(* Let $T(n)$ denote the number of fixed polyiamonds with $n$ cells. For all positive integers $\ell,m$, $T(\ell+m)\ge \frac{1}{3}\,T(\ell)\,T(m)$.
   Context: The triangular lattice is the tiling of the plane by equilateral triangles; its cells come in two orientations. A polyiamond with $n$ cells is a finite set of $n$ cells of the triangular lattice that is edge-connected, i.e. the graph on the cells in which two cells are adjacent when they share an edge is connected. Two polyiamonds are considered the same if one is a translate of the other (no rotations or reflections allowed); $T(n)$ is the number of such translation classes of polyiamonds with $n$ cells. *)

theory Defs
  imports Complex_Main
begin

text \<open>Cells of the triangular lattice: (x, y, False) is an up-pointing triangle,
 (x, y, True) a down-pointing one. Up (x,y) shares its three edges with
 down (x,y), down (x-1,y) and down (x,y-1).\<close>

type_synonym cell = "int \<times> int \<times> bool"

definition tri_adj :: "cell \<Rightarrow> cell \<Rightarrow> bool" where
  "tri_adj c d \<longleftrightarrow>
     (case c of (x, y, False) \<Rightarrow> d \<in> {(x, y, True), (x - 1, y, True), (x, y - 1, True)}
              | (x, y, True) \<Rightarrow> d \<in> {(x, y, False), (x + 1, y, False), (x, y + 1, False)})"

definition edge_connected :: "cell set \<Rightarrow> bool" where
  "edge_connected P \<longleftrightarrow>
     (\<forall>c\<in>P. \<forall>d\<in>P. (c, d) \<in> ({(a, b). a \<in> P \<and> b \<in> P \<and> tri_adj a b})\<^sup>*)"

definition polyiamond :: "nat \<Rightarrow> cell set \<Rightarrow> bool" where
  "polyiamond n P \<longleftrightarrow> finite P \<and> card P = n \<and> edge_connected P"

definition translate :: "int \<times> int \<Rightarrow> cell set \<Rightarrow> cell set" where
  "translate v P = (\<lambda>(x, y, t). (x + fst v, y + snd v, t)) ` P"

definition translation_equiv :: "(cell set \<times> cell set) set" where
  "translation_equiv = {(P, Q). \<exists>v. Q = translate v P}"

definition T :: "nat \<Rightarrow> nat" where
  "T n = card ({P. polyiamond n P} // translation_equiv)"

end

theory Submission
  imports Defs "HOL-Library.Product_Lexorder"
begin

text \<open>Order the cells lexicographically by \<open>(x, y, orientation)\<close> and normalise a translation
  class by moving the greatest cell of its members to the origin. That cell is then \<open>(0, 0, False)\<close>
  or \<open>(0, 0, True)\<close>, so \<open>T n = a n + b n\<close> for the numbers \<open>a n\<close>, \<open>b n\<close> of polyiamonds with
  these greatest cells. Glue a polyiamond with greatest cell \<open>(0, 0, False)\<close> (resp. \<open>(0, 0, True)\<close>)
  to one whose least cell is the adjacent larger cell \<open>(0, 0, True)\<close> (resp. \<open>(0, 1, False)\<close>): the
  translation class of the union still determines both pieces, the first being its \<open>l\<close> smallest
  cells. Reflection through the origin exchanges least and greatest cells, so
  \<open>T (l + m) \<ge> a l * a m + b l * b m\<close>. Finally \<open>b n \<le> 2 * a n\<close>, and
  \<open>(a + b) * (c + d) \<le> 3 * (a * c + b * d)\<close> whenever \<open>b \<le> 2 * a\<close> and \<open>d \<le> 2 * c\<close>.\<close>

abbreviation up0 :: cell where "up0 \<equiv> (0, 0, False)"
abbreviation down0 :: cell where "down0 \<equiv> (0, 0, True)"
(* There is $m_0$ such that for every $m\ge m_0$ that is a power of $2$ and every function $f:\{0,1\}^N\to\{0,1\}$, $$C^{dt}_\oplus(f\circ\mathrm{IND}_m^N)\ge C^{dt}(f)\quad\text{and}\quad \mathrm{size}^{dt}_\oplus(f\circ\mathrm{IND}_m^N)\ge 2^{C^{dt}(f)}\ge\mathrm{size}^{dt}(f).$$
   Context: Let $m=2^\ell$. The function $f\circ\mathrm{IND}_m^N$ has Boolean input variables $x_{i,j'}$ ($i\in[N]$, $0\le j'<\ell$) and $y_{i,j}$ ($i\in[N]$, $0\le j<m$), and its value is $f(z)$ where $z_i=y_{i,x_i}$ and $x_i\in\{0,\dots,m-1\}$ is the number with binary representation $x_{i,\ell-1}\cdots x_{i,0}$. A parity decision tree is a rooted binary tree whose internal nodes are labeled by parities ($\mathbb{F}_2$-sums) of input variables, with out-edges labeled $0,1$, and whose leaves are labeled by outputs. $C^{dt}(f)$ and $\mathrm{size}^{dt}(f)$ are the minimum height and minimum number of leaves of an ordinary decision tree (querying single variables) computing $f$; $C^{dt}_\oplus$ and $\mathrm{size}^{dt}_\oplus$ are the corresponding measures for parity decision trees. *)

theory Defs
  imports Main
begin

text \<open>An internal node queries the
parity (sum over GF(2)) of the variables in a finite set S; edge 0 leads to the first
subtree, edge 1 to the second.
An ordinary decision tree is a parity decision tree all of whose queries are singletons.\<close>

datatype 'v pdt = Leaf bool | Node "'v set" "'v pdt" "'v pdt"

fun parity :: "'v set \<Rightarrow> ('v \<Rightarrow> bool) \<Rightarrow> bool" where
  "parity S x = odd (card {v \<in> S. x v})"

fun eval_pdt :: "'v pdt \<Rightarrow> ('v \<Rightarrow> bool) \<Rightarrow> bool" where
  "eval_pdt (Leaf b) x = b"
| "eval_pdt (Node S t0 t1) x = (if parity S x then eval_pdt t1 x else eval_pdt t0 x)"

fun height :: "'v pdt \<Rightarrow> nat" where
  "height (Leaf b) = 0"
| "height (Node S t0 t1) = Suc (max (height t0) (height t1))"

fun leaves :: "'v pdt \<Rightarrow> nat" where
  "leaves (Leaf b) = 1"
| "leaves (Node S t0 t1) = leaves t0 + leaves t1"

fun is_pdt :: "'v set \<Rightarrow> 'v pdt \<Rightarrow> bool" where
  "is_pdt V (Leaf b) = True"
| "is_pdt V (Node S t0 t1) = (finite S \<and> S \<subseteq> V \<and> is_pdt V t0 \<and> is_pdt V t1)"

fun is_dt :: "'v set \<Rightarrow> 'v pdt \<Rightarrow> bool" where
  "is_dt V (Leaf b) = True"
| "is_dt V (Node S t0 t1) = ((\<exists>v\<in>V. S = {v}) \<and> is_dt V t0 \<and> is_dt V t1)"

text \<open>A Boolean function g on the Boolean cube {0,1}^V is represented as a function on
assignments 'v \<Rightarrow> bool; only assignments vanishing outside V matter.\<close>
definition computes :: "'v set \<Rightarrow> 'v pdt \<Rightarrow> (('v \<Rightarrow> bool) \<Rightarrow> bool) \<Rightarrow> bool" where
  "computes V t g \<longleftrightarrow> (\<forall>x. (\<forall>v. v \<notin> V \<longrightarrow> \<not> x v) \<longrightarrow> eval_pdt t x = g x)"

definition C_dt :: "'v set \<Rightarrow> (('v \<Rightarrow> bool) \<Rightarrow> bool) \<Rightarrow> nat" where
  "C_dt V g = (LEAST h. \<exists>t. is_dt V t \<and> computes V t g \<and> height t = h)"

definition size_dt :: "'v set \<Rightarrow> (('v \<Rightarrow> bool) \<Rightarrow> bool) \<Rightarrow> nat" where
  "size_dt V g = (LEAST s. \<exists>t. is_dt V t \<and> computes V t g \<and> leaves t = s)"

definition C_pdt :: "'v set \<Rightarrow> (('v \<Rightarrow> bool) \<Rightarrow> bool) \<Rightarrow> nat" where
  "C_pdt V g = (LEAST h. \<exists>t. is_pdt V t \<and> computes V t g \<and> height t = h)"

definition size_pdt :: "'v set \<Rightarrow> (('v \<Rightarrow> bool) \<Rightarrow> bool) \<Rightarrow> nat" where
  "size_pdt V g = (LEAST s. \<exists>t. is_pdt V t \<and> computes V t g \<and> leaves t = s)"

definition cube_vars :: "nat \<Rightarrow> nat set" where
  "cube_vars N = {..<N}"

text \<open>Variables of f \<circ> IND_m^N with m = 2^l: XV i j' (address bits) and YV i j (data bits).\<close>
datatype ivar = XV nat nat | YV nat nat

definition ind_vars :: "nat \<Rightarrow> nat \<Rightarrow> ivar set" where
  "ind_vars N l = {XV i j' | i j'. i < N \<and> j' < l} \<union> {YV i j | i j. i < N \<and> j < 2 ^ l}"

definition addr :: "nat \<Rightarrow> (ivar \<Rightarrow> bool) \<Rightarrow> nat \<Rightarrow> nat" where
  "addr l w i = (\<Sum>j'<l. if w (XV i j') then 2 ^ j' else 0)"

definition compose_IND :: "((nat \<Rightarrow> bool) \<Rightarrow> bool) \<Rightarrow> nat \<Rightarrow> nat \<Rightarrow> (ivar \<Rightarrow> bool) \<Rightarrow> bool" where
  "compose_IND f N l w = f (\<lambda>i. if i < N then w (YV i (addr l w i)) else False)"

end

theory Submission
  imports Defs
begin

text \<open>The indexing gadget with \<open>m \<ge> 2\<close> is stifled by every single variable: for any
  variable \<open>v\<close> of a block and any bit \<open>c\<close>, the other variables of the block can be set so that
  the block outputs \<open>c\<close> whatever the value of \<open>v\<close>. An adversary walks down a parity decision
  tree for \<open>f \<circ> IND\<close>, keeping an affine subspace of inputs on which the blocks outside a
  set \<open>B\<close> are stifled to constants \<open>\<rho>\<close> while the variables of the blocks in \<open>B\<close> are free
  coordinates. At a query, either the parity is constant on the subspace, or flipping some free
  variable \<open>v\<close> flips it; then the block \<open>i\<close> of \<open>v\<close> is stifled to \<open>c\<close> and \<open>v\<close> is solved for so
  that the query gets the answer \<open>b\<close>. Doing this for both \<open>c\<close> and both \<open>b\<close> yields a decision
  tree for \<open>f\<close> that queries \<open>x\<^sub>i\<close> and continues, for each \<open>c\<close>, with the shallower of
  the two trees obtained for \<open>b = 0, 1\<close>. Hence \<open>2 ^ depth \<le> leaves\<close>, which gives both lower
  bounds with \<open>m\<^sub>0 = 2\<close>.\<close>

section \<open>Affine functions over GF(2)\<close>

definition xor3 :: "('a \<Rightarrow> bool) \<Rightarrow> ('a \<Rightarrow> bool) \<Rightarrow> ('a \<Rightarrow> bool) \<Rightarrow> 'a \<Rightarrow> bool" where
  "xor3 r s t = (\<lambda>u. r u \<noteq> (s u \<noteq> t u))"

text \<open>Over GF(2) the affine combinations of points are exactly the sums \<open>r + s + t\<close>,
  so this characterises the affine functions.\<close>
definition gf2_affine :: "(('a \<Rightarrow> bool) \<Rightarrow> bool) \<Rightarrow> bool" where
  "gf2_affine h \<longleftrightarrow> (\<forall>r s t. h (xor3 r s t) = (h r \<noteq> (h s \<noteq> h t)))"

definition gf2_affine_map :: "(('a \<Rightarrow> bool) \<Rightarrow> 'b \<Rightarrow> bool) \<Rightarrow> bool" where
  "gf2_affine_map \<phi> \<longleftrightarrow> (\<forall>u. gf2_affine (\<lambda>r. \<phi> r u))"

lemma gf2_affine_const: "gf2_affine (\<lambda>r. c)"
  unfolding gf2_affine_def by auto

lemma gf2_affine_coord: "gf2_affine (\<lambda>r. r u)"
  unfolding gf2_affine_def xor3_def by auto

lemma gf2_affine_xor: "gf2_affine h \<Longrightarrow> gf2_affine k \<Longrightarrow> gf2_affine (\<lambda>r. h r \<noteq> k r)"
  unfolding gf2_affine_def by auto

lemma gf2_affine_map_xor3: "gf2_affine_map \<phi> \<Longrightarrow> \<phi> (xor3 r s t) = xor3 (\<phi> r) (\<phi> s) (\<phi> t)"
  unfolding gf2_affine_map_def gf2_affine_def xor3_def by auto

lemma gf2_affine_comp: "gf2_affine h \<Longrightarrow> gf2_affine_map \<phi> \<Longrightarrow> gf2_affine (\<lambda>r. h (\<phi> r))"
  unfolding gf2_affine_def by (simp add: gf2_affine_map_xor3)

lemma gf2_affine_map_comp:
  "gf2_affine_map \<psi> \<Longrightarrow> gf2_affine_map \<phi> \<Longrightarrow> gf2_affine_map (\<lambda>r. \<psi> (\<phi> r))"
  using gf2_affine_comp[of "\<lambda>r. \<psi> r _" \<phi>] unfolding gf2_affine_map_def by blast

lemma gf2_affine_map_override: "gf2_affine_map (\<lambda>r u. if P u then g u else r u)"
  unfolding gf2_affine_map_def
proof
  fix u
  show "gf2_affine (\<lambda>r. if P u then g u else r u)"
    by (cases "P u") (simp_all add: gf2_affine_const gf2_affine_coord)
qed

lemma parity_singleton [simp]: "parity {v} x = x v"
proof -
  have "{u \<in> {v}. x u} = (if x v then {v} else {})" by auto
  then show ?thesis by simp
qed

declare parity.simps [simp del]

lemma parity_xor:
  assumes "finite {v \<in> S. a v}" "finite {v \<in> S. b v}"
  shows "parity S (\<lambda>v. a v \<noteq> b v) = (parity S a \<noteq> parity S b)"
proof -
  let ?A = "{v \<in> S. a v}" and ?B = "{v \<in> S. b v}"
  have "{v \<in> S. a v \<noteq> b v} = (?A - ?B) \<union> (?B - ?A)" by auto
  then have "card {v \<in> S. a v \<noteq> b v} = card (?A - ?B) + card (?B - ?A)"
    using assms by (simp add: card_Un_disjoint Diff_Int_distrib2)
  moreover have "card ?A = card (?A - ?B) + card (?A \<inter> ?B)"
    using card_Int_Diff[OF assms(1), of ?B] by linarith
  moreover have "card ?B = card (?B - ?A) + card (?A \<inter> ?B)"
    using card_Int_Diff[OF assms(2), of ?A] by (simp add: Int_commute)
  ultimately show ?thesis by (auto simp: parity.simps)
qed

lemma gf2_affine_parity:
  assumes "gf2_affine_map \<phi>" "finite V" "\<And>r u. u \<notin> V \<Longrightarrow> \<not> \<phi> r u"
  shows "gf2_affine (\<lambda>r. parity S (\<phi> r))"
  unfolding gf2_affine_def
proof (intro allI)
  fix r s t
  have finite_support: "finite {v \<in> S. P v}" if "\<And>v. P v \<Longrightarrow> v \<in> V" for P
    using assms(2) that by (auto intro: finite_subset)
  have fin: "finite {v \<in> S. \<phi> x v}" for x
    using assms(3) by (intro finite_support) blast
  have fin_st: "finite {v \<in> S. \<phi> s v \<noteq> \<phi> t v}"
    using assms(3) by (intro finite_support) blast
  have "parity S (\<phi> (xor3 r s t)) = parity S (\<lambda>v. \<phi> r v \<noteq> (\<phi> s v \<noteq> \<phi> t v))"
    using gf2_affine_map_xor3[OF assms(1)] by (simp add: xor3_def)
  also have "\<dots> = (parity S (\<phi> r) \<noteq> parity S (\<lambda>v. \<phi> s v \<noteq> \<phi> t v))"
    by (rule parity_xor[OF fin fin_st])
  also have "parity S (\<lambda>v. \<phi> s v \<noteq> \<phi> t v) = (parity S (\<phi> s) \<noteq> parity S (\<phi> t))"
    by (rule parity_xor[OF fin fin])
  finally show "parity S (\<phi> (xor3 r s t)) = (parity S (\<phi> r) \<noteq> (parity S (\<phi> s) \<noteq> parity S (\<phi> t)))" .
qed

definition flip :: "'a \<Rightarrow> ('a \<Rightarrow> bool) \<Rightarrow> 'a \<Rightarrow> bool" where
  "flip v r = r(v := \<not> r v)"

lemma gf2_affine_flip_diff:
  assumes "gf2_affine q"
  shows "(q (flip v r) \<noteq> q r) = (q (flip v s) \<noteq> q s)"
proof -
  have "flip v r = xor3 r s (flip v s)"
    unfolding flip_def xor3_def by auto
  then show ?thesis
    using assms unfolding gf2_affine_def by auto
qed

lemma gf2_affine_const_or_flip:
  assumes "gf2_affine q" "finite R" "\<And>r s. (\<And>u. u \<in> R \<Longrightarrow> r u = s u) \<Longrightarrow> q r = q s"
  shows "(\<exists>b. \<forall>r. q r = b) \<or> (\<exists>v\<in>R. \<forall>r. q (flip v r) \<noteq> q r)"
proof (rule disjCI)
  assume "\<not> (\<exists>v\<in>R. \<forall>r. q (flip v r) \<noteq> q r)"
  then have no_flip: "q (flip v r) = q r" if "v \<in> R" for v r
    using that gf2_affine_flip_diff[OF assms(1)] by blast
  have same_on_differences: "\<forall>r. {u \<in> R. r u \<noteq> s u} = D \<longrightarrow> q r = q s"
    if "finite D" for s D
    using that
  proof (induction D rule: finite_induct)
    case empty
    then show ?case using assms(3) by blast
  next
    case (insert d D)
    show ?case
    proof (intro allI impI)
      fix r assume differ: "{u \<in> R. r u \<noteq> s u} = insert d D"
      then have "{u \<in> R. flip d r u \<noteq> s u} = D"
        using insert.hyps(2) unfolding flip_def by auto
      then have "q (flip d r) = q s" using insert.IH by blast
      moreover have "d \<in> R" using differ by blast
      ultimately show "q r = q s" using no_flip by simp
    qed
  qed
  then have "q r = q s" for r s
    using same_on_differences[of "{u \<in> R. r u \<noteq> s u}" s] assms(2) by simp
  then show "\<exists>b. \<forall>r. q r = b" by blast
qed

definition flip_to :: "(('a \<Rightarrow> bool) \<Rightarrow> bool) \<Rightarrow> 'a \<Rightarrow> bool \<Rightarrow> ('a \<Rightarrow> bool) \<Rightarrow> 'a \<Rightarrow> bool" where
  "flip_to q v b r = (if q r = b then r else flip v r)"

lemma flip_to_value: "(\<And>r. q (flip v r) \<noteq> q r) \<Longrightarrow> q (flip_to q v b r) = b"
  unfolding flip_to_def by auto

lemma flip_to_other: "u \<noteq> v \<Longrightarrow> flip_to q v b r u = r u"
  unfolding flip_to_def flip_def by auto

lemma gf2_affine_map_flip_to:
  assumes "gf2_affine q"
  shows "gf2_affine_map (flip_to q v b)"
proof -
  have flip_to_coord:
    "(\<lambda>r. flip_to q v b r u) = (if u = v then (\<lambda>r. r v \<noteq> (q r \<noteq> b)) else (\<lambda>r. r u))" for u
    unfolding flip_to_def flip_def by (auto simp: fun_eq_iff)
  have "gf2_affine (\<lambda>r. r v \<noteq> (q r \<noteq> b))"
    by (rule gf2_affine_xor[OF gf2_affine_coord gf2_affine_xor[OF assms gf2_affine_const]])
  then show ?thesis
    unfolding gf2_affine_map_def flip_to_coord by (simp add: gf2_affine_coord)
qed
(* Let $u\in(\mathbb{N}\cup\{0\})^m$ and put $M:=\{x\in\mathbb{R}^m:0\leq x\leq u\}$ (entrywise order) with the metric induced by $\|\cdot\|_\infty$. Every optimal code $C$ in $(M,\|\cdot\|_\infty)$ of size $\prod_{i=1}^m(u_i+1)-1$ admits a decomposition $C=A\sqcup B$ for which there exists $i\in\{1,\ldots,m\}$ such that $|A|=\prod_{s=1}^m(u_s+1)-(u_i+1)$ and $|B|=u_i$, and furthermore $A\subseteq M\cap\mathbb{Z}^m$ and $B\subseteq\{x+te_i:t\in\mathbb{R}\}$ for some $x\in\mathbb{Z}^m$.
   Context: For a finite $C\subseteq M$, $\delta(C):=\min\{\|x-y\|_\infty:x,y\in C,x\neq y\}$. An optimal code of size $n$ is an $n$-element subset of $M$ maximizing $\delta$ among all $n$-element subsets. $e_i$ denotes the $i$th standard basis vector. *)

theory Defs
  imports "HOL-Analysis.Analysis"
begin

text \<open>The sup-norm distance on real^'m (the library norm on real^'m is Euclidean).\<close>
definition dist_inf :: "real^'m \<Rightarrow> real^'m \<Rightarrow> real" where
  "dist_inf x y = Max (range (\<lambda>i. \<bar>x$i - y$i\<bar>))"

definition min_dist :: "(real^'m) set \<Rightarrow> real" where
  "min_dist C = Min {dist_inf x y | x y. x \<in> C \<and> y \<in> C \<and> x \<noteq> y}"

definition box_M :: "nat^'m \<Rightarrow> (real^'m) set" where
  "box_M u = {x. \<forall>i. 0 \<le> x$i \<and> x$i \<le> real (u$i)}"
(* Let $n\ge1$, $P(x)=\frac{c_n}{(1+|x|^2)^{\frac{n+1}{2}}}$ with $c_n$ chosen so that $\int_{\mathbb{R}^n}P=1$, and $\mathcal{M}_P(\mu)(x)=\sup_{r>0}P_r*\mu(x)$ where $P_r(x)=r^{-n}P(x/r)$. Then for every finite positive measure $V$ on $\mathbb{R}^n$ absolutely continuous with respect to Lebesgue measure and every fixed $\rho>0$, $$\lim_{t\to0^+}\Big\|\mathcal{M}_P(V_t)(x)-\frac{c_n n^{\frac n2}}{(1+n)^{\frac{n+1}{2}}}\,\frac{V(\mathbb{R}^n)}{|x|^n}\Big\|_{L^{1,\infty}(\mathbb{R}^n\setminus B(0,\rho),\,dx)}=0.$$
   Context: $P_r*\mu(x)=\int_{\mathbb{R}^n}P_r(x-y)\,d\mu(y)$. $V_t(E)=V(E/t)$ with $E/t=\{x/t:x\in E\}$. For a measurable set $E$, $\|f\|_{L^{1,\infty}(E)}=\sup_{\lambda>0}\lambda|\{x\in E:|f(x)|>\lambda\}|$. *)

theory Defs
  imports "HOL-Analysis.Analysis"
begin

definition pk_const :: "'a::euclidean_space itself \<Rightarrow> real" where
  "pk_const _ = 1 / (\<integral>x. 1 / (1 + (norm (x::'a))\<^sup>2) powr ((real DIM('a) + 1) / 2) \<partial>lborel)"

definition poisson_kernel :: "'a::euclidean_space \<Rightarrow> real" where
  "poisson_kernel x = pk_const TYPE('a) / (1 + (norm x)\<^sup>2) powr ((real DIM('a) + 1) / 2)"

definition poisson_dil :: "real \<Rightarrow> 'a::euclidean_space \<Rightarrow> real" where
  "poisson_dil r x = r powr (- real DIM('a)) * poisson_kernel (x /\<^sub>R r)"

########

WORK INSTRUCTIONS:
Count the lines in the listing where the string "frac" appears. Answer with the number only.

WRITTEN SOLUTION:
2